# What this task involves
Every line containing "times" should be identified and copied from the data below.

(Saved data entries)
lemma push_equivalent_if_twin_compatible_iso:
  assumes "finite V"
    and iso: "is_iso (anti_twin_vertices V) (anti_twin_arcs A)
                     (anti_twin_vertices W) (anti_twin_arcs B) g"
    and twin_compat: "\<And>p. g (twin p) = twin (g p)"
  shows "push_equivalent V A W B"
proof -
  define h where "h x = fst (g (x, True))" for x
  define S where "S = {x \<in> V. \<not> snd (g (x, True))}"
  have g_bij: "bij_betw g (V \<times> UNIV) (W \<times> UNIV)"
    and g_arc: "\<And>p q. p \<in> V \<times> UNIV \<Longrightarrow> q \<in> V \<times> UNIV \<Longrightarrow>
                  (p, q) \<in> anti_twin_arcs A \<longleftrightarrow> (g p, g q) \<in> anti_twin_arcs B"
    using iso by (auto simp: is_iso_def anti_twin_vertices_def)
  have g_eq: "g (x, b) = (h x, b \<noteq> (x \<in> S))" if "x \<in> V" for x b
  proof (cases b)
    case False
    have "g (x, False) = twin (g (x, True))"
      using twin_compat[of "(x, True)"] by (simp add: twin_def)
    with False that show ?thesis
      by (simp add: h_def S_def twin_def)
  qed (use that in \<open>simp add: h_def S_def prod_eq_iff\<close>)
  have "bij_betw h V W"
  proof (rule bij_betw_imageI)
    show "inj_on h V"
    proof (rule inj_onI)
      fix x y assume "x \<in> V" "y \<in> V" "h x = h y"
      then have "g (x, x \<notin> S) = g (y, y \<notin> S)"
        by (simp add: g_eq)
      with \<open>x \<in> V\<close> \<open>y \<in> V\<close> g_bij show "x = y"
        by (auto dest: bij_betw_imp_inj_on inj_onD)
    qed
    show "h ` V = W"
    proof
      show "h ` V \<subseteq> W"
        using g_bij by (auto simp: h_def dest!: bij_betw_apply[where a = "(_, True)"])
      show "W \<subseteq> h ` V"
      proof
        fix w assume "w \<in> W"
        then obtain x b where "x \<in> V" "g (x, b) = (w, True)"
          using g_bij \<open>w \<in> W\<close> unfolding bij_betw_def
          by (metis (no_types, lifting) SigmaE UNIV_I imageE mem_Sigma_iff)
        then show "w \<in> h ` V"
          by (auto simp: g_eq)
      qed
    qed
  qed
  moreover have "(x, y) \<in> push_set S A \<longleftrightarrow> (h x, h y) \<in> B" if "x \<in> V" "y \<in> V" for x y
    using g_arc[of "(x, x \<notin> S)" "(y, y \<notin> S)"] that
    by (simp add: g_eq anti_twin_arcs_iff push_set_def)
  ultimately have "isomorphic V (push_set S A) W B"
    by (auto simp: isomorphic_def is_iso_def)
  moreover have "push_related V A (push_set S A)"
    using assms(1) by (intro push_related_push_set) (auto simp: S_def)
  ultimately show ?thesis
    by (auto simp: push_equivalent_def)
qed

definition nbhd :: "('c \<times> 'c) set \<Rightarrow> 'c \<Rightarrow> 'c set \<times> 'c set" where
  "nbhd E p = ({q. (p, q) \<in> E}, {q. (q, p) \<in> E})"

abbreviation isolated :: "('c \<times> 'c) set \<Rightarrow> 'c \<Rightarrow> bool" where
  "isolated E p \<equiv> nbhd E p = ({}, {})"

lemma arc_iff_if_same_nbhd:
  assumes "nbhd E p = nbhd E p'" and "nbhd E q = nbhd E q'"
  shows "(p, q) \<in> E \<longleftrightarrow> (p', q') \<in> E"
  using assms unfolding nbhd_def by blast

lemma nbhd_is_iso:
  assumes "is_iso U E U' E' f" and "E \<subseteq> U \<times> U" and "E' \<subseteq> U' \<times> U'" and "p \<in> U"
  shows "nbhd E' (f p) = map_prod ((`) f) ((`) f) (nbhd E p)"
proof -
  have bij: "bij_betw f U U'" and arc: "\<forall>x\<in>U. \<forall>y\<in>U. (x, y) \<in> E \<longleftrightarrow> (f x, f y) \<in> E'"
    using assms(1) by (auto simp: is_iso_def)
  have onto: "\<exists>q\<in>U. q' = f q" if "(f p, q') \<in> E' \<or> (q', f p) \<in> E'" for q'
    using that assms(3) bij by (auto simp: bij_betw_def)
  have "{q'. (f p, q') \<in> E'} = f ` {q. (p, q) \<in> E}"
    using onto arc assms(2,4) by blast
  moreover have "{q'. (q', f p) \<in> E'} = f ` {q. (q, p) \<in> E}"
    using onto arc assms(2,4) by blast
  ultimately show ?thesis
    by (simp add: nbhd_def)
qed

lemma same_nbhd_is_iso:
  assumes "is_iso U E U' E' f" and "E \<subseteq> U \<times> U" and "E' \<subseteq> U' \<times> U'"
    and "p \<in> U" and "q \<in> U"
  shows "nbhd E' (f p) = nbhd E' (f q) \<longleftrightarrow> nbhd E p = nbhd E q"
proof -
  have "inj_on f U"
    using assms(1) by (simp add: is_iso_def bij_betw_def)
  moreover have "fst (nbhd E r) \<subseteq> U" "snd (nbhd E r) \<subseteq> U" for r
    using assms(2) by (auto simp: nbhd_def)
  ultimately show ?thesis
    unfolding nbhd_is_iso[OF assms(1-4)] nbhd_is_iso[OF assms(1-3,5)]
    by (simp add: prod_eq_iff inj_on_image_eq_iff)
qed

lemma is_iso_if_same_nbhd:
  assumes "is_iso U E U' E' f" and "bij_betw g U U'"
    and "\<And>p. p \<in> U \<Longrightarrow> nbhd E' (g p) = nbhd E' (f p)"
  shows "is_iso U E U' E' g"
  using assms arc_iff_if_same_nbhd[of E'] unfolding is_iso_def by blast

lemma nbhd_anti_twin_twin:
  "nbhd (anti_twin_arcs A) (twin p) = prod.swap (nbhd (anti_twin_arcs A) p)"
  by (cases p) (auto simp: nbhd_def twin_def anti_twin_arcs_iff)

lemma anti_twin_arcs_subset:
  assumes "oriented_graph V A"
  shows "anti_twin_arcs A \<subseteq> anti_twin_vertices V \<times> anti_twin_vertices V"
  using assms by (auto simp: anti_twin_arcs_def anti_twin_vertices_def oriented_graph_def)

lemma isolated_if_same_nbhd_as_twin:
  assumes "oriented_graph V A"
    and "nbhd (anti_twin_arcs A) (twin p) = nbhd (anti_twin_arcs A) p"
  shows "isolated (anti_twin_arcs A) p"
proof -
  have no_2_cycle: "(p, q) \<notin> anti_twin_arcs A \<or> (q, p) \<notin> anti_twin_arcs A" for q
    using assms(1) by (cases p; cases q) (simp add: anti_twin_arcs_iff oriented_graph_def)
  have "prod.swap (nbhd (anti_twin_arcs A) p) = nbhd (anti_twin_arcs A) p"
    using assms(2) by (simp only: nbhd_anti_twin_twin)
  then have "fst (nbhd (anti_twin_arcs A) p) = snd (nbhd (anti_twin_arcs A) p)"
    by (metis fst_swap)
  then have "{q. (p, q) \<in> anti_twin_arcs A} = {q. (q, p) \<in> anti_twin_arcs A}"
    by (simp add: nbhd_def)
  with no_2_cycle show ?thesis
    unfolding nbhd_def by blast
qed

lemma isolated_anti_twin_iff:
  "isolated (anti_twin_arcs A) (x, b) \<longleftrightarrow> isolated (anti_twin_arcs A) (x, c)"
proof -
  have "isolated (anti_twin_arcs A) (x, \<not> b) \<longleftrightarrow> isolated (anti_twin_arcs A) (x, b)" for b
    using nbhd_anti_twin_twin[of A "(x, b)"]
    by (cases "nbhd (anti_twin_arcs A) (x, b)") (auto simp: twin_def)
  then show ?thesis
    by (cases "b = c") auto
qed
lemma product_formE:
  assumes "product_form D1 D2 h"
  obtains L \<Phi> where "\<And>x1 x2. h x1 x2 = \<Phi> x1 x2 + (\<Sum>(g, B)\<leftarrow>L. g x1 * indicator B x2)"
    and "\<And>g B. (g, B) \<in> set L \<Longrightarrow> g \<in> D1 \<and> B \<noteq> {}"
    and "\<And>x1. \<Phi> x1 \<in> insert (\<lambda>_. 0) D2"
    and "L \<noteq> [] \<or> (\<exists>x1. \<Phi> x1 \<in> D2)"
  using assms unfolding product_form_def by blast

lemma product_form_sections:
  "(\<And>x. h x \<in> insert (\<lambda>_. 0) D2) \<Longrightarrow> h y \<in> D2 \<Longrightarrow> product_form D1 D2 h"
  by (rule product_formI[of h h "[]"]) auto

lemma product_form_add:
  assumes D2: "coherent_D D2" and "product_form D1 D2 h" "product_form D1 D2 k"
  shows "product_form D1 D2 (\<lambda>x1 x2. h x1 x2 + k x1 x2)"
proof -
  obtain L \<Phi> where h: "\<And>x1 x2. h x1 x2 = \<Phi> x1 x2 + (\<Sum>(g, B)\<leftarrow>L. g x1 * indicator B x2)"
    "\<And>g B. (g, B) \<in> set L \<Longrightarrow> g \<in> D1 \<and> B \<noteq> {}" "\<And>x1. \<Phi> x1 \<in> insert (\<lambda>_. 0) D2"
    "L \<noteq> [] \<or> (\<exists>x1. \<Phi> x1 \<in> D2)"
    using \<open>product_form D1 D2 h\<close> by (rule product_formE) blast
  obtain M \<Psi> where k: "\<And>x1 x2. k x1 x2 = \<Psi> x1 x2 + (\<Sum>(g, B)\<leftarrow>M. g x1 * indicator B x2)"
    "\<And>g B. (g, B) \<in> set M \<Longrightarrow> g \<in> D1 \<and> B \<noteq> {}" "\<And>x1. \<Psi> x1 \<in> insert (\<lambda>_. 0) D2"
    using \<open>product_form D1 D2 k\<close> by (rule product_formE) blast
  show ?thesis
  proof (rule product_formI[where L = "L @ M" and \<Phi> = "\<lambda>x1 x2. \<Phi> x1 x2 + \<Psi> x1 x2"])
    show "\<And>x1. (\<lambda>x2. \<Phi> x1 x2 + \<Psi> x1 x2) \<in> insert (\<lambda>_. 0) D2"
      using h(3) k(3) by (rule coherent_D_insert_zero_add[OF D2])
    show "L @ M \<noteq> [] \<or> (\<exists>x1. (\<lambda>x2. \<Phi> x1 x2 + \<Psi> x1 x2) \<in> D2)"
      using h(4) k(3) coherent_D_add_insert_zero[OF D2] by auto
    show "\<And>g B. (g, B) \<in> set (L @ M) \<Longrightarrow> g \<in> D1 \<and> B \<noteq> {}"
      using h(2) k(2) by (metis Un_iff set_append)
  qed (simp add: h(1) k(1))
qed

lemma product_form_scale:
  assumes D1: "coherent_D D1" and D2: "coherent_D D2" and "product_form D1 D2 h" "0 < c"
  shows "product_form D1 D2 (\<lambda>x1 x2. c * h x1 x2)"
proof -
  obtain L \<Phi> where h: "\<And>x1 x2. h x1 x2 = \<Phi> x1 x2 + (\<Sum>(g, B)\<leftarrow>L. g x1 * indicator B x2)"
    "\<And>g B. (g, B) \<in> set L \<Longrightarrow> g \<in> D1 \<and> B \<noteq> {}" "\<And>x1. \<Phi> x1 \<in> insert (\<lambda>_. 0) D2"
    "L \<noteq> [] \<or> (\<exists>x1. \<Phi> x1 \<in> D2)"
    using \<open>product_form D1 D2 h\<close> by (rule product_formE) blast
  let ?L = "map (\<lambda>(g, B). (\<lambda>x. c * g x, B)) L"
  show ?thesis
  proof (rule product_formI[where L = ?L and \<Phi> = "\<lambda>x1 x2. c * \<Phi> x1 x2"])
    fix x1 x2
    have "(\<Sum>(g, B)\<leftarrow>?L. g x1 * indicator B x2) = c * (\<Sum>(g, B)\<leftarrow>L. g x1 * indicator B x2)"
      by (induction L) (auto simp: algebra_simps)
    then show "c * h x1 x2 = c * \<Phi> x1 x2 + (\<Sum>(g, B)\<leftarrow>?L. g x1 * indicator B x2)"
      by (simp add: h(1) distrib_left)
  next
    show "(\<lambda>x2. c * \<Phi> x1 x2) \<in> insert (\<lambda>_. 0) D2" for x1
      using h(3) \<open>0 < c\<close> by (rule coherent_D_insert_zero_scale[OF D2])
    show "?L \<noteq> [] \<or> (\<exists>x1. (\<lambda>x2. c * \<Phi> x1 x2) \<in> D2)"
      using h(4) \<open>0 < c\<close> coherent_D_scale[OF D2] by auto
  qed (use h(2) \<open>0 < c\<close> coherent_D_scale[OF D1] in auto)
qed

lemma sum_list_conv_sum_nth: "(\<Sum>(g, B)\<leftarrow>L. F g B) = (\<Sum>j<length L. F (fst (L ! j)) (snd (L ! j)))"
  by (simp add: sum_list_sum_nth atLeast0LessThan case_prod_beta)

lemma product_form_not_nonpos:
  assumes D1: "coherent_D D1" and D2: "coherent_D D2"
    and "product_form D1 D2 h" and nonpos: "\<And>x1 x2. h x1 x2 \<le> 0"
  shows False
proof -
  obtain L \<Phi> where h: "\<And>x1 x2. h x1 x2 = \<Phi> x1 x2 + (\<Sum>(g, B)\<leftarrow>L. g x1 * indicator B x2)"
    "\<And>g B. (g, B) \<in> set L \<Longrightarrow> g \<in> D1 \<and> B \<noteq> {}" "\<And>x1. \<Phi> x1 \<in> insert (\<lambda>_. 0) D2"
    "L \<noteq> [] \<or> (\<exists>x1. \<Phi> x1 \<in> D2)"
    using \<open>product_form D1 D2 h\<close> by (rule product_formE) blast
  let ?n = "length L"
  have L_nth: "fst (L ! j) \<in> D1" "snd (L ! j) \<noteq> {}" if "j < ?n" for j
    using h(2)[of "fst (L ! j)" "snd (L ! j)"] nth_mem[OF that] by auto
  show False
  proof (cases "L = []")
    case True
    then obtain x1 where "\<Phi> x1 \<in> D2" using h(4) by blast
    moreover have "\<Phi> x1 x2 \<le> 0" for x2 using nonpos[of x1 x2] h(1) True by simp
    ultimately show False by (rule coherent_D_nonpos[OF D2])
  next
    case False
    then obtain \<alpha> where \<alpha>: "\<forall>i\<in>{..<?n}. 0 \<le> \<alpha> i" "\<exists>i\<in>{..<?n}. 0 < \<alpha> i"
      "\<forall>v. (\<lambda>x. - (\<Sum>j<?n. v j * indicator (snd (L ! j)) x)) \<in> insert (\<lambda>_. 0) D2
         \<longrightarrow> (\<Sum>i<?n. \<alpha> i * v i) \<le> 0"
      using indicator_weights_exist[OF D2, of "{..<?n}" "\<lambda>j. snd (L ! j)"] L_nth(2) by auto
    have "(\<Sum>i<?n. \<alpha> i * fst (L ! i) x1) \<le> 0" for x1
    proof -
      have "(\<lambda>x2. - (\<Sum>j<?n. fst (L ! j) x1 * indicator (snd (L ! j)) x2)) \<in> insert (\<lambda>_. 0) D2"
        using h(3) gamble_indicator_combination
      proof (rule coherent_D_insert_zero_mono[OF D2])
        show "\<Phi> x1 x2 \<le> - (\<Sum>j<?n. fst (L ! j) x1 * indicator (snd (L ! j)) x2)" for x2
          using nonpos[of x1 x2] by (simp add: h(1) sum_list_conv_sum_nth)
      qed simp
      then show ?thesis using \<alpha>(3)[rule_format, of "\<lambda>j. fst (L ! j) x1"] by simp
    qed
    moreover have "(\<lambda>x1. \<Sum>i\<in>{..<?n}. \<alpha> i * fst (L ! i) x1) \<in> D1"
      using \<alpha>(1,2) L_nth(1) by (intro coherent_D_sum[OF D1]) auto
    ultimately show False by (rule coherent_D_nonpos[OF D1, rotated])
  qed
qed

# Solution
  have g_bij: "bij_betw g (V \<times> UNIV) (W \<times> UNIV)"
    and g_arc: "\<And>p q. p \<in> V \<times> UNIV \<Longrightarrow> q \<in> V \<times> UNIV \<Longrightarrow>
definition nbhd :: "('c \<times> 'c) set \<Rightarrow> 'c \<Rightarrow> 'c set \<times> 'c set" where
abbreviation isolated :: "('c \<times> 'c) set \<Rightarrow> 'c \<Rightarrow> bool" where
  assumes "is_iso U E U' E' f" and "E \<subseteq> U \<times> U" and "E' \<subseteq> U' \<times> U'" and "p \<in> U"
  assumes "is_iso U E U' E' f" and "E \<subseteq> U \<times> U" and "E' \<subseteq> U' \<times> U'"
  shows "anti_twin_arcs A \<subseteq> anti_twin_vertices V \<times> anti_twin_vertices V"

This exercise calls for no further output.